Гарри неуверенно протянул руку и дотронулся до руки Северуса, чуть ниже плеча. Северус дернулся назад.
– Извини, – быстро сказал Гарри.
– За что?
– Я… я просто ненавижу уходить, когда поссорился с кем-то. Я… прости, я знаю, что тебе неприятна моя ласка, – Гарри покраснел, услышав собственный лепет, и опустил глаза. Целую минуту он слышал лишь звук своего дыхания.
– Мне не неприятно, – тихо возразил Северус и легко дотронулся до руки сына, повторяя жест Гарри. – Я просто не умею это делать, – его голос внезапно сел. – Но не уверен, что одобряю подобные вещи, – я определенно не заслужил их, и тебе следует быть более избирательным в том, кому ты даришь свои ласки.
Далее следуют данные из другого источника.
text \<open>The unimodular map \<open>p \<mapsto> (a \<bullet> p, b \<bullet> p)\<close> carries the hexagon onto the region of
  \<open>emeasure_strip_region_le\<close>.\<close>
lemma emeasure_hexagon_le:
  fixes a b :: "real \<times> real"
  assumes det: "fst a * snd b - snd a * fst b = 1" and "l1 \<le> u1" "l2 \<le> u2" "l3 \<le> u3"
  shows "emeasure lborel {p. l1 \<le> a \<bullet> p \<and> a \<bullet> p \<le> u1 \<and> l2 \<le> b \<bullet> p \<and> b \<bullet> p \<le> u2
                             \<and> l3 \<le> (a + b) \<bullet> p \<and> (a + b) \<bullet> p \<le> u3}
           \<le> ennreal (Gfun (u1 - l1) (u2 - l2) (u3 - l3))"
proof -
  define R where "R = {z :: real \<times> real. l1 \<le> fst z \<and> fst z \<le> u1 \<and> l2 \<le> snd z \<and> snd z \<le> u2
                                        \<and> l3 \<le> fst z + snd z \<and> fst z + snd z \<le> u3}"
  have "closed R" unfolding R_def by (intro closed_Collect_conj closed_Collect_le continuous_intros)
  have "{p. l1 \<le> a \<bullet> p \<and> a \<bullet> p \<le> u1 \<and> l2 \<le> b \<bullet> p \<and> b \<bullet> p \<le> u2
           \<and> l3 \<le> (a + b) \<bullet> p \<and> (a + b) \<bullet> p \<le> u3} = mat2_map (fst a) (snd a) (fst b) (snd b) -` R"
    by (auto simp: R_def mat2_map_def inner_prod_def algebra_simps)
  also have "emeasure lborel \<dots> = emeasure (distr lborel lborel (mat2_map (fst a) (snd a) (fst b) (snd b))) R"
    using \<open>closed R\<close> by (simp add: emeasure_distr borel_measurable_continuous_onI continuous_on_mat2_map)
  also have "\<dots> = emeasure lborel R"
    using det by (simp add: lborel_distr_unimodular)
  also have "\<dots> \<le> ennreal (Gfun (u1 - l1) (u2 - l2) (u3 - l3))"
    unfolding R_def using assms by (intro emeasure_strip_region_le)
  finally show ?thesis .
qed

lemma superbase_hvec:
  assumes "superbase e e' e''"
  obtains a b :: pt where "fst a * snd b - snd a * fst b = 1"
    and "hvec h e = h *\<^sub>R a" "hvec h e' = h *\<^sub>R b" "hvec h e'' = - (h *\<^sub>R (a + b))"
proof -
  define a b :: pt where "a = (of_int (fst e), of_int (snd e))" and "b = (of_int (fst e'), of_int (snd e'))"
  have "fst a * snd b - snd a * fst b = 1"
    using assms by (simp add: a_def b_def superbase_def flip: of_int_mult of_int_diff)
  moreover have "e'' = (- (fst e + fst e'), - (snd e + snd e'))"
    using assms by (simp add: superbase_def prod_eq_iff)
  ultimately show ?thesis
    using that[of a b] by (simp add: hvec_def a_def b_def algebra_simps)
qed

section \<open>Slopes compatible with the finite differences\<close>

definition stencil_polytope :: "real \<Rightarrow> (pt \<Rightarrow> real) \<Rightarrow> pt \<Rightarrow> (int \<times> int) set \<Rightarrow> pt set" where
  "stencil_polytope h u x V =
     {p. \<forall>v \<in> V. u x - u (x - hvec h v) \<le> p \<bullet> hvec h v \<and> p \<bullet> hvec h v \<le> u (x + hvec h v) - u x}"

lemma subgrad_subset_stencil_polytope:
  assumes "\<And>v. v \<in> V \<Longrightarrow> x + hvec h v \<in> S \<and> x - hvec h v \<in> S"
  shows "subgrad S u x \<subseteq> stencil_polytope h u x V"
proof
  fix p assume p: "p \<in> subgrad S u x"
  have "u x - u (x - hvec h v) \<le> p \<bullet> hvec h v \<and> p \<bullet> hvec h v \<le> u (x + hvec h v) - u x" if "v \<in> V" for v
  proof -
    have "u x + p \<bullet> (x + hvec h v - x) \<le> u (x + hvec h v)" "u x + p \<bullet> (x - hvec h v - x) \<le> u (x - hvec h v)"
      using p assms[OF that] unfolding subgrad_def by blast+
    then show ?thesis by (simp add: inner_minus_right)
  qed
  then show "p \<in> stencil_polytope h u x V" by (simp add: stencil_polytope_def)
qed

lemma subgrad_set_subset_isolated:
  assumes "E \<subseteq> X" "E \<inter> G \<subseteq> {x}"
  shows "subgrad_set S u E \<subseteq> subgrad S u x \<union> subgrad_set S u (X - G)"
  using assms unfolding subgrad_set_def by blast

lemma closed_stencil_polytope: "closed (stencil_polytope h u x V)"
proof -
  have "stencil_polytope h u x V = (\<Inter>v \<in> V. {p. u x - u (x - hvec h v) \<le> p \<bullet> hvec h v}
                                              \<inter> {p. p \<bullet> hvec h v \<le> u (x + hvec h v) - u x})"
    by (auto simp: stencil_polytope_def)
  also have "closed \<dots>"
    by (intro closed_INT ballI closed_Int closed_Collect_le continuous_intros)
  finally show ?thesis .
qed

lemma Dee_nonneg_of_stencil_polytope:
  assumes "p \<in> stencil_polytope h u x V" "v \<in> V"
  shows "0 \<le> Dee h u x v"
  using assms by (force simp: stencil_polytope_def Dee_def)

text \<open>The slope of \<open>p\<close> in direction \<open>v\<close> lies in the interval bounded by the one-sided differences,
  whose midpoint is the centred difference and whose half-length is \<open>h \<Delta>\<^sub>v\<^sub>v u / 2\<close>.\<close>
lemma centred_difference_close:
  assumes "0 < h" "p \<in> stencil_polytope h u x V" "v \<in> V"
  shows "\<bar>p \<bullet> hvec h v / h - D0 h u x v\<bar> \<le> h * Dee h u x v / 2"
proof -
  let ?d = "2 * (p \<bullet> hvec h v) - (u (x + hvec h v) - u (x - hvec h v))"
  have "p \<bullet> hvec h v / h - D0 h u x v = ?d / (2 * h)"
    using assms(1) by (simp add: D0_def field_simps)
  then have "\<bar>p \<bullet> hvec h v / h - D0 h u x v\<bar> = \<bar>?d\<bar> / (2 * h)"
    using assms(1) by (simp add: abs_divide)
  also have "\<dots> \<le> (u (x + hvec h v) + u (x - hvec h v) - 2 * u x) / (2 * h)"
    using assms by (intro divide_right_mono) (auto simp: stencil_polytope_def abs_le_iff)
  also have "\<dots> = h * Dee h u x v / 2"
    using assms(1) by (simp add: Dee_def power2_eq_square field_simps)
  finally show ?thesis .
qed

lemma stencil_polytope_axes:
  assumes "0 < h" "p \<in> stencil_polytope h u x V" "(1, 0) \<in> V" "(0, 1) \<in> V"
  shows "\<bar>fst p - D0 h u x (1, 0)\<bar> \<le> h * Dee h u x (1, 0) / 2"
    and "\<bar>snd p - D0 h u x (0, 1)\<bar> \<le> h * Dee h u x (0, 1) / 2"
  using centred_difference_close[OF assms(1,2,3)] centred_difference_close[OF assms(1,2,4)] assms(1)
  by (simp_all add: hvec_def inner_prod_def)

lemma bounded_stencil_polytope:
  assumes "0 < h" "(1, 0) \<in> V" "(0, 1) \<in> V"
  shows "bounded (stencil_polytope h u x V)"
proof -
  let ?c = "(D0 h u x (1, 0), D0 h u x (0, 1))" and ?r = "h * Dee h u x (1, 0) / 2 + h * Dee h u x (0, 1) / 2"
  have "dist ?c p \<le> ?r" if "p \<in> stencil_polytope h u x V" for p
  proof -
    have "dist ?c p \<le> \<bar>fst p - D0 h u x (1, 0)\<bar> + \<bar>snd p - D0 h u x (0, 1)\<bar>"
      by (simp add: dist_prod_def dist_real_def sqrt_sum_squares_le_sum_abs abs_minus_commute)
    then show ?thesis using stencil_polytope_axes[OF assms(1) that assms(2,3)] by linarith
  qed
  then show ?thesis unfolding bounded_def by blast
qed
– Некоторые вещи нельзя заслужить, – резко ответил Гарри. – Я ничего не должен тебе – ни ласки, ни послушания, ни благодарности, – ничего! – только потому, что ты меня зачал, а ты не должен взывать к моему благородству или чувству долга, чтобы я любил тебя. Я тебя и так люблю, – испугавшись, что сказал так много, Гарри улыбнулся и быстро прибавил: – Кажется, мы опять ссоримся.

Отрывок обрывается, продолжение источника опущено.